PyListObject dynamic resizing strategy, PyTupleObject immutability, and the array module's typed buffer.

Lists, tuples, and array-like objects represent ordered collections. They all support indexed access, but they have different storage models, mutability rules, and performance tradeoffs.

A list is a mutable sequence of object references.

A tuple is an immutable sequence of object references.

An array-like object stores compact typed data or exposes a contiguous buffer.

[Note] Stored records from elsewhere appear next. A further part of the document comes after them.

lemma triangular_monom_support:
  assumes tri: "triangular_family n w" and "S \<subseteq> {1..n}" "ext_monom w S U \<noteq> 0"
  shows "U = S \<or> weight S < weight U"
proof -
  have "finite S"
    using assms(2) by (rule finite_subset) simp
  then show ?thesis
    using assms(2,3)
  proof (induction S arbitrary: U rule: finite_linorder_min_induct)
    case empty
    then show ?case
      by (simp add: ext_one_def split: if_splits)
  next
    case (insert a V)
    have a: "a \<in> {1..n}" and "a \<notin> V"
      using insert.prems(1) insert.hyps(2) by auto
    have "finite U"
      using insert.prems(2) ext_mult_infinite insert.hyps by (auto simp: ext_monom_insert_min)
    moreover have "odd_elem (w a)"
      using triangular_family_odd[OF tri] a by (simp add: odd_family_def)
    ultimately have "ext_monom w (insert a V) U =
        (\<Sum>j\<in>U. ext_sign {j} (U - {j}) * w a {j} * ext_monom w V (U - {j}))"
      using insert.hyps by (simp add: ext_monom_insert_min ext_mult_odd_left)
    then have "(\<Sum>j\<in>U. ext_sign {j} (U - {j}) * w a {j} * ext_monom w V (U - {j})) \<noteq> 0"
      using insert.prems(2) by simp
    then obtain j where "j \<in> U" and "ext_sign {j} (U - {j}) * w a {j} * ext_monom w V (U - {j}) \<noteq> 0"
      by (rule sum.not_neutral_contains_not_neutral)
    then have "w a {j} \<noteq> 0" and monom_V: "ext_monom w V (U - {j}) \<noteq> 0"
      by auto
    then have "a \<le> j"
      using triangular_family_nonzero[OF tri a] by auto
    have "U - {j} = V \<or> weight V < weight (U - {j})"
      using insert.IH insert.prems(1) monom_V by blast
    moreover have "weight U = j + weight (U - {j})" "weight (insert a V) = a + weight V"
      using \<open>finite U\<close> \<open>j \<in> U\<close> insert.hyps(1) \<open>a \<notin> V\<close>
      by (simp_all add: weight_remove weight_insert)
    ultimately show ?case
      using \<open>a \<le> j\<close> \<open>j \<in> U\<close> by (cases "j = a") (auto simp: insert_absorb)
  qed
qed

lemma triangular_monom_vanishes:
  assumes tri: "triangular_family n w" and "S \<subseteq> {1..n}" "U \<noteq> S" "weight U \<le> weight S"
  shows "ext_monom w S U = 0"
  using triangular_monom_support[OF tri assms(2), of U] assms(3,4) by fastforce

lemma triangular_monom_diag:
  assumes tri: "triangular_family n w" and "S \<subseteq> {1..n}"
  shows "ext_monom w S S = 1"
proof -
  have "finite S"
    using assms(2) by (rule finite_subset) simp
  then show ?thesis
    using assms(2)
  proof (induction S rule: finite_linorder_min_induct)
    case empty
    then show ?case
      by (simp add: ext_one_def)
  next
    case (insert a V)
    let ?U = "insert a V"
    have a: "a \<in> {1..n}" and V: "V \<subseteq> {1..n}" and "a \<notin> V"
      using insert.prems insert.hyps(2) by auto
    have "odd_elem (w a)"
      using triangular_family_odd[OF tri] a by (simp add: odd_family_def)
    then have "ext_monom w ?U ?U = (\<Sum>j\<in>?U. ext_sign {j} (?U - {j}) * w a {j} * ext_monom w V (?U - {j}))"
      using insert.hyps by (simp add: ext_monom_insert_min ext_mult_odd_left)
    also have "\<dots> = ext_sign {a} (?U - {a}) * w a {a} * ext_monom w V (?U - {a})"
    proof (rule sum_eq_single)
      fix j assume "j \<in> ?U" "j \<noteq> a"
      then have "j \<in> V" "a < j"
        using insert.hyps(2) by auto
      have "weight ?U = j + weight (?U - {j})"
        using insert.hyps(1) \<open>j \<in> ?U\<close> by (intro weight_remove) auto
      moreover have "weight ?U = a + weight V"
        using insert.hyps(1) \<open>a \<notin> V\<close> by (rule weight_insert)
      ultimately have "weight (?U - {j}) \<le> weight V"
        using \<open>a < j\<close> by linarith
      moreover have "?U - {j} \<noteq> V"
        using \<open>a \<notin> V\<close> \<open>j \<noteq> a\<close> by auto
      ultimately have "ext_monom w V (?U - {j}) = 0"
        by (intro triangular_monom_vanishes[OF tri V])
      then show "ext_sign {j} (?U - {j}) * w a {j} * ext_monom w V (?U - {j}) = 0"
        by simp
    qed (use insert.hyps(1) in auto)
    also have "\<dots> = 1"
      using insert.IH[OF V] insert.hyps(2) \<open>a \<notin> V\<close> triangular_family_diag[OF tri a]
      by (simp add: ext_sign_singleton_left_less)
    finally show ?case .
  qed
qed

lemma triangular_eval_low_weight:
  assumes tri: "triangular_family n w" and c: "supported_in n c"
    and heavy: "\<And>T. c T \<noteq> 0 \<Longrightarrow> k \<le> weight T" and "weight U \<le> k"
  shows "ext_eval n w c U = c U"
proof -
  have off_diag: "c T * ext_monom w T U = 0" if "T \<subseteq> {1..n}" "T \<noteq> U" for T
  proof (cases "c T = 0")
    case False
    then have "weight U \<le> weight T"
      using heavy \<open>weight U \<le> k\<close> by fastforce
    then show ?thesis
      using triangular_monom_vanishes[OF tri that(1)] that(2) by simp
  qed simp
  then show ?thesis
  proof (cases "U \<subseteq> {1..n}")
    case True
    then show ?thesis
      unfolding ext_eval_apply
      by (subst sum_eq_single[where a=U]) (use off_diag in \<open>auto simp: triangular_monom_diag[OF tri]\<close>)
  next
    case False
    then have "ext_eval n w c U = 0"
      unfolding ext_eval_apply using off_diag by (intro sum.neutral) blast
    then show ?thesis
      using c False by (simp add: supported_in_def)
  qed
qed

lemma triangular_eval_eq_zero:
  assumes tri: "triangular_family n w" and c: "supported_in n c"
    and zero: "ext_eval n w c = (\<lambda>_. 0)"
  shows "c = (\<lambda>_. 0)"
proof (rule ccontr)
  assume "c \<noteq> (\<lambda>_. 0)"
  then obtain S where "c S \<noteq> 0"
    by auto
  then obtain T where "c T \<noteq> 0" and least: "\<And>T'. c T' \<noteq> 0 \<Longrightarrow> weight T \<le> weight T'"
    using ex_has_least_nat[of "\<lambda>T. c T \<noteq> 0" S weight] by blast
  then have "ext_eval n w c T = c T"
    by (intro triangular_eval_low_weight[OF tri c, where k="weight T"]) auto
  then show False
    using zero \<open>c T \<noteq> 0\<close> by simp
qed

lemma triangular_eval_inj_on:
  assumes tri: "triangular_family n w"
  shows "inj_on (ext_eval n w) {c. supported_in n c}"
proof (rule inj_onI)
  fix c d assume "c \<in> {c. supported_in n c}" "d \<in> {c. supported_in n c}"
    and eq: "ext_eval n w c = ext_eval n w d"
  then have "supported_in n (\<lambda>S. c S - d S)"
    by (simp add: supported_in_def)
  moreover have "ext_eval n w (\<lambda>S. c S - d S) = (\<lambda>_. 0)"
    by (simp add: ext_eval_diff eq)
  ultimately have "(\<lambda>S. c S - d S) = (\<lambda>_. 0)"
    by (rule triangular_eval_eq_zero[OF tri])
  then show "c = d"
    by (simp add: fun_eq_iff)
qed
(* Let $\mathcal O$ be a cyclic operad with $\mathcal O[m]$ finite-dimensional for all $m$. Then on $\mathcal{OG}$: (a) $\partial_H^2=0$; (b) $\partial_H\partial_E+\partial_E\partial_H=0$.
   Context: Work over $\mathbb R$. $\mathcal O$ is a cyclic operad; $\mathcal S[m]$ ($m\ge2$) its spaces of spiders (coinvariants of $\bigoplus_L\mathcal O[m-1]$ over labelings $L$ of the legs of an $m$-star), with mating $(S,\lambda)\circ(\mu,T)$ induced by operad composition along legs $\lambda,\mu$. An $\mathcal O$-graph is an oriented graph (vertex ordering plus edge directions, up to even changes) without univalent vertices, each vertex colored by a spider whose legs are the incident half-edges; $\mathcal{OG}$ is spanned by $\mathcal O$-graphs modulo orientation reversal $=-1$ and vertex-linearity. For an $\mathcal O$-graph $\mathbf X$ and an edge $e$: $\mathbf X_e=0$ if $e$ is a loop; otherwise, with orientation represented so that the endpoints $v,w$ of $e$ are first and second and $e$ is directed $v\to w$, $\mathbf X_e$ collapses $e$, colors the new vertex by the mating of the spiders at $v,w$ along the half-edges of $e$, and puts it first; $\partial_E\mathbf X=\sum_e\mathbf X_e$. For a pairing $\pi$ of the half-edges $H(X)$, $X^\pi$ is obtained by regluing half-edges according to $\pi$; the union of the chord diagrams of $\pi$ and of the standard pairing $\{x,\bar x\}$ is a union of circles, and choosing a representative orientation of $X$ whose edge directions are coherent around each circle, $X^\pi$ gets induced edge directions and the same vertex order; $\mathbf X^\pi$ is the resulting $\mathcal O$-graph. For half-edges $x,y$, $\pi_{xy}$ is the pairing agreeing with the standard one except that it pairs $\{x,y\}$ and $\{\bar x,\bar y\}$. The H-boundary is $\partial_H\mathbf X=\sum_{x,y,\ x\neq\bar y}(\mathbf X^{\pi_{xy}})_{x\cup y}$, the sum over pairs of distinct half-edges $x,y$ with $x\ne\bar y$, where $x\cup y$ denotes the edge of $X^{\pi_{xy}}$ formed by $x$ and $y$. *)

theory Defs
  imports Complex_Main "HOL-Combinatorics.Permutations" "HOL-Library.Function_Algebras"
begin

text \<open>A cyclic operad over the reals is presented by its components Op(S), one real vector
space for every finite set S of "legs" (here: labels of type 'h), all realised as subspaces of
one ambient real vector space 'v.  cmp S x T y a b is the partial composition of a in Op(S)
with b in Op(T) along the legs x of S and y of T (S, T disjoint), landing in
Op((S - {x}) \<union> (T - {y})); ren \<sigma> S a is the action of a bijection \<sigma> : S \<rightarrow> \<sigma> ` S;
un x y is the unit in Op({x,y}).  Op[n] of the paper is Op(S) for |S| = n + 1.\<close>

definition cyclic_operad ::
  "('h set \<Rightarrow> 'v::real_vector set) \<Rightarrow> ('h set \<Rightarrow> 'h \<Rightarrow> 'h set \<Rightarrow> 'h \<Rightarrow> 'v \<Rightarrow> 'v \<Rightarrow> 'v)
    \<Rightarrow> (('h \<Rightarrow> 'h) \<Rightarrow> 'h set \<Rightarrow> 'v \<Rightarrow> 'v) \<Rightarrow> ('h \<Rightarrow> 'h \<Rightarrow> 'v) \<Rightarrow> bool" where
  "cyclic_operad Op cmp ren un \<longleftrightarrow>
    (\<forall>S. finite S \<longrightarrow> subspace (Op S)) \<and>
    (\<forall>S T x y a b. finite S \<and> finite T \<and> S \<inter> T = {} \<and> x \<in> S \<and> y \<in> T \<and> a \<in> Op S \<and> b \<in> Op T
        \<longrightarrow> cmp S x T y a b \<in> Op ((S - {x}) \<union> (T - {y}))) \<and>
    (\<forall>S T x y a a' b r. finite S \<and> finite T \<and> S \<inter> T = {} \<and> x \<in> S \<and> y \<in> T \<and>
        a \<in> Op S \<and> a' \<in> Op S \<and> b \<in> Op T
        \<longrightarrow> cmp S x T y (a + r *\<^sub>R a') b = cmp S x T y a b + r *\<^sub>R cmp S x T y a' b) \<and>
    (\<forall>S T x y a b b' r. finite S \<and> finite T \<and> S \<inter> T = {} \<and> x \<in> S \<and> y \<in> T \<and>
        a \<in> Op S \<and> b \<in> Op T \<and> b' \<in> Op T
        \<longrightarrow> cmp S x T y a (b + r *\<^sub>R b') = cmp S x T y a b + r *\<^sub>R cmp S x T y a b') \<and>
    (\<forall>\<sigma> S a. finite S \<and> inj_on \<sigma> S \<and> a \<in> Op S \<longrightarrow> ren \<sigma> S a \<in> Op (\<sigma> ` S)) \<and>
    (\<forall>\<sigma> S a a' r. finite S \<and> inj_on \<sigma> S \<and> a \<in> Op S \<and> a' \<in> Op S
        \<longrightarrow> ren \<sigma> S (a + r *\<^sub>R a') = ren \<sigma> S a + r *\<^sub>R ren \<sigma> S a') \<and>
    (\<forall>S a. finite S \<and> a \<in> Op S \<longrightarrow> ren id S a = a) \<and>
    (\<forall>\<sigma> \<tau> S a. finite S \<and> inj_on \<sigma> S \<and> inj_on \<tau> (\<sigma> ` S) \<and> a \<in> Op S
        \<longrightarrow> ren \<tau> (\<sigma> ` S) (ren \<sigma> S a) = ren (\<tau> \<circ> \<sigma>) S a) \<and>
    (\<forall>\<sigma> \<tau> S a. finite S \<and> inj_on \<sigma> S \<and> (\<forall>z\<in>S. \<sigma> z = \<tau> z) \<and> a \<in> Op S
        \<longrightarrow> ren \<sigma> S a = ren \<tau> S a) \<and>
    (\<forall>\<sigma> S T x y a b. finite S \<and> finite T \<and> S \<inter> T = {} \<and> x \<in> S \<and> y \<in> T \<and> a \<in> Op S \<and> b \<in> Op T
        \<and> inj_on \<sigma> (S \<union> T)
        \<longrightarrow> ren \<sigma> ((S - {x}) \<union> (T - {y})) (cmp S x T y a b)
            = cmp (\<sigma> ` S) (\<sigma> x) (\<sigma> ` T) (\<sigma> y) (ren \<sigma> S a) (ren \<sigma> T b)) \<and>
    (\<forall>S T x y a b. finite S \<and> finite T \<and> S \<inter> T = {} \<and> x \<in> S \<and> y \<in> T \<and> a \<in> Op S \<and> b \<in> Op T
        \<longrightarrow> cmp S x T y a b = cmp T y S x b a) \<and>
    (\<forall>S T U x y z w a b c. finite S \<and> finite T \<and> finite U \<and>
        S \<inter> T = {} \<and> S \<inter> U = {} \<and> T \<inter> U = {} \<and>
        x \<in> S \<and> y \<in> T \<and> z \<in> T \<and> y \<noteq> z \<and> w \<in> U \<and> a \<in> Op S \<and> b \<in> Op T \<and> c \<in> Op U
        \<longrightarrow> cmp ((S - {x}) \<union> (T - {y})) z U w (cmp S x T y a b) c
            = cmp S x ((T - {z}) \<union> (U - {w})) y a (cmp T z U w b c)) \<and>
    (\<forall>x y. x \<noteq> y \<longrightarrow> un x y \<in> Op {x, y}) \<and>
    (\<forall>x y. un x y = un y x) \<and>
    (\<forall>\<sigma> x y. x \<noteq> y \<and> inj_on \<sigma> {x, y} \<longrightarrow> ren \<sigma> {x, y} (un x y) = un (\<sigma> x) (\<sigma> y)) \<and>
    (\<forall>x y T z a. finite T \<and> x \<noteq> y \<and> x \<notin> T \<and> y \<notin> T \<and> z \<in> T \<and> a \<in> Op T
        \<longrightarrow> cmp {x, y} y T z (un x y) a = ren (id(z := x)) T a)"

definition finite_dimensional_components :: "('h set \<Rightarrow> 'v::real_vector set) \<Rightarrow> bool" where
  "finite_dimensional_components Op \<longleftrightarrow> (\<forall>S. finite S \<longrightarrow> (\<exists>B. finite B \<and> Op S \<subseteq> span B))"

text \<open>A (representative of an) Op-graph is a tuple (V, \<iota>, T, c):
 \<^item> V: the list of vertices in their chosen order; each vertex is the (finite) set of its
   half-edges, so the half-edge set is H = \<Union>(set V);
 \<^item> \<iota>: the fixed-point-free involution of H pairing each half-edge x with x-bar
   (the edges are the orbits {x, \<iota> x}); \<iota> is the identity off H;
 \<^item> T: the set of tails, containing exactly one half-edge of each edge (edge directions:
   the edge {t, \<iota> t} with t \<in> T is directed from the vertex of t to the vertex of \<iota> t);
 \<^item> c: the colouring, c v \<in> Op(v) being the spider at v, whose legs are the half-edges at v;
   c is 0 off the vertices.\<close>

type_synonym ('h, 'v) ograph = "'h set list \<times> ('h \<Rightarrow> 'h) \<times> 'h set \<times> ('h set \<Rightarrow> 'v)"

definition hedges :: "'h set list \<Rightarrow> 'h set" where
  "hedges V = \<Union> (set V)"

definition ograph_wf :: "('h set \<Rightarrow> 'v::real_vector set) \<Rightarrow> ('h, 'v) ograph \<Rightarrow> bool" where
  "ograph_wf Op X \<longleftrightarrow> (case X of (V, \<iota>, T, c) \<Rightarrow>
     distinct V \<and>
     (\<forall>v\<in>set V. finite v \<and> 2 \<le> card v) \<and>
     (\<forall>u\<in>set V. \<forall>v\<in>set V. u \<noteq> v \<longrightarrow> u \<inter> v = {}) \<and>
     (\<forall>h\<in>hedges V. \<iota> h \<in> hedges V \<and> \<iota> h \<noteq> h \<and> \<iota> (\<iota> h) = h) \<and>
     (\<forall>h. h \<notin> hedges V \<longrightarrow> \<iota> h = h) \<and>
     T \<subseteq> hedges V \<and> (\<forall>h\<in>hedges V. h \<in> T \<longleftrightarrow> \<iota> h \<notin> T) \<and>
     (\<forall>v\<in>set V. c v \<in> Op v) \<and> (\<forall>u. u \<notin> set V \<longrightarrow> c u = 0))"

text \<open>Formal linear combinations are functions into the reals (pointwise addition from
Function_Algebras); only finitely supported ones occur.\<close>

definition gen :: "'g \<Rightarrow> 'g \<Rightarrow> real" where
  "gen g = (\<lambda>g'. if g' = g then 1 else 0)"

definition fscale :: "real \<Rightarrow> ('g \<Rightarrow> real) \<Rightarrow> 'g \<Rightarrow> real" where
  "fscale r f = (\<lambda>g. r * f g)"

definition fspan :: "('g \<Rightarrow> real) set \<Rightarrow> ('g \<Rightarrow> real) set" where
  "fspan R = {f. \<exists>A cf. finite A \<and> A \<subseteq> R \<and> f = (\<Sum>r\<in>A. fscale (cf r) r)}"

definition lin_ext :: "('g \<Rightarrow> 'g' \<Rightarrow> real) \<Rightarrow> ('g \<Rightarrow> real) \<Rightarrow> 'g' \<Rightarrow> real" where
  "lin_ext D f = (\<Sum>g\<in>{g. f g \<noteq> 0}. fscale (f g) (D g))"

text \<open>Sign of the reordering of a list of distinct elements: ys ! i = xs ! p i.\<close>
definition list_sign :: "'a list \<Rightarrow> 'a list \<Rightarrow> real" where
  "list_sign xs ys =
     (if distinct xs \<and> distinct ys \<and> set xs = set ys
      then of_int (sign (\<lambda>i. if i < length xs then (THE j. j < length xs \<and> xs ! j = ys ! i) else i))
      else 0)"

definition relabel :: "(('h \<Rightarrow> 'h) \<Rightarrow> 'h set \<Rightarrow> 'v \<Rightarrow> 'v) \<Rightarrow> ('h \<Rightarrow> 'h)
    \<Rightarrow> ('h, 'v::zero) ograph \<Rightarrow> ('h, 'v) ograph" where
  "relabel ren \<sigma> X = (case X of (V, \<iota>, T, c) \<Rightarrow>
     (map ((`) \<sigma>) V, \<sigma> \<circ> \<iota> \<circ> inv \<sigma>, \<sigma> ` T,
      (\<lambda>u. if u \<in> set (map ((`) \<sigma>) V) then ren \<sigma> (inv \<sigma> ` u) (c (inv \<sigma> ` u)) else 0)))"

These distinctions matter because CPython containers store references unless the type is specifically designed for raw storage.

15.1 Ordered Collections

Python has several ordered collection types.

TypeMutableStoresMain use
listYesObject referencesGeneral mutable sequence
tupleNoObject referencesFixed records, immutable groups
array.arrayYesRaw typed valuesCompact numeric storage
bytesNoRaw bytesImmutable binary data
bytearrayYesRaw bytesMutable binary data
memoryviewView-dependentRaw buffer viewZero-copy buffer access

A list and a tuple can store objects of any type:

xs = [1, "two", object()]
t = (1, "two", object())

An array stores values of one machine-level type:

from array import array

nums = array("i", [1, 2, 3])

15.2 Lists Store References

A CPython list stores pointers to Python objects.

Conceptually:

PyListObject
    PyVarObject header
        ob_size = logical length
    ob_item ----> array of PyObject *
    allocated = capacity

For:

xs = [10, 20, 30]

the layout is:

list object
    ob_size = 3
    allocated >= 3
    ob_item ----+
                |
                v
              [ptr][ptr][ptr]
                |    |    |
                v    v    v
               10   20   30

The list does not inline the integer payloads. It stores references to integer objects.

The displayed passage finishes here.